- [TASK GOAL]
Find out how many lines of the material contain the string "element" and give only that figure.
********
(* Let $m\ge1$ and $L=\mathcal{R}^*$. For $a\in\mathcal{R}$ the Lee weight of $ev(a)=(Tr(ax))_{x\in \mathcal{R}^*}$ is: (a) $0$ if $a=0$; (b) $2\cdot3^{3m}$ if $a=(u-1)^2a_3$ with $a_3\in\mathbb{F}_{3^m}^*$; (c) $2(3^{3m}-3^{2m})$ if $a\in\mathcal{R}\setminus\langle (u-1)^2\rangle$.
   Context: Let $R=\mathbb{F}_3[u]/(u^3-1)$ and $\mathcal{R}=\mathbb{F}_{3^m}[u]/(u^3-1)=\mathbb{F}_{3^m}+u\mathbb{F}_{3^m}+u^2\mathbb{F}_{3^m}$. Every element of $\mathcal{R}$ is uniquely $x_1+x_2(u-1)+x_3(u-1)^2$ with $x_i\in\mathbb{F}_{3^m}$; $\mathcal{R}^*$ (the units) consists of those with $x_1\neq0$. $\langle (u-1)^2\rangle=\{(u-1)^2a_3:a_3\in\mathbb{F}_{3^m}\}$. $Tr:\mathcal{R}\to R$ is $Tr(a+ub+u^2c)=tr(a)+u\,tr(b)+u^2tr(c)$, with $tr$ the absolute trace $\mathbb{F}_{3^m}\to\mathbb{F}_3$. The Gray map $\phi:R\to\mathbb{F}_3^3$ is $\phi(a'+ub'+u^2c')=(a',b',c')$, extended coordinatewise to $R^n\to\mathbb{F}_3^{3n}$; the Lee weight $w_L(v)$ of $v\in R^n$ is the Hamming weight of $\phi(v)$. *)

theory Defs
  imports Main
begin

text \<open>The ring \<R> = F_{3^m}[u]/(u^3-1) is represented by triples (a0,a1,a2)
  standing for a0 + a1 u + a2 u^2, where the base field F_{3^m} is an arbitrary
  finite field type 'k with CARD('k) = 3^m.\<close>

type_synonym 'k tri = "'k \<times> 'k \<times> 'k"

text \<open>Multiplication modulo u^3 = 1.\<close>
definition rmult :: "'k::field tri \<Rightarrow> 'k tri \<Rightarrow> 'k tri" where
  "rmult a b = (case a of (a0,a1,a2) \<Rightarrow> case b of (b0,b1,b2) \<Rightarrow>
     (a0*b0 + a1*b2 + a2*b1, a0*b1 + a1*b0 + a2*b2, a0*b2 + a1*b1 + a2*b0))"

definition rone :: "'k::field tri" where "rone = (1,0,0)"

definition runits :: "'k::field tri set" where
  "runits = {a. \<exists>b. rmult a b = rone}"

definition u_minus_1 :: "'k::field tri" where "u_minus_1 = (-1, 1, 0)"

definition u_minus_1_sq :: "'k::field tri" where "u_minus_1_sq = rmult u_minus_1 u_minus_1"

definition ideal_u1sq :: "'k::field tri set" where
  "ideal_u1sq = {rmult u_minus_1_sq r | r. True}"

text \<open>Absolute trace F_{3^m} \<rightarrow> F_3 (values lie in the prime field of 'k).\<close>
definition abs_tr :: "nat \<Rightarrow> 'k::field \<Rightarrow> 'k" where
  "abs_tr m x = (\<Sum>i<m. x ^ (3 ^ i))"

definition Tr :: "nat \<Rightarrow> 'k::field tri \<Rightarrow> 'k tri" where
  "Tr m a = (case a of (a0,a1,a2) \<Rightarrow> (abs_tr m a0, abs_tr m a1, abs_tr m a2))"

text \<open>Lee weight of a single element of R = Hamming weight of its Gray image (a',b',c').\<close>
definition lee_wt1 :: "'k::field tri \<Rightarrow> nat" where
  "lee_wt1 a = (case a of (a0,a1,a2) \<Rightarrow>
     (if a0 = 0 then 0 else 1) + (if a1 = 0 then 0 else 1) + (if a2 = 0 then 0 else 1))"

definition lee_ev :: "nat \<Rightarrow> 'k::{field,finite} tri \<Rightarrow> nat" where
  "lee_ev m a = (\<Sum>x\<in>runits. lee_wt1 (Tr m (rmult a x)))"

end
********
- [OUTPUT BELOW]
2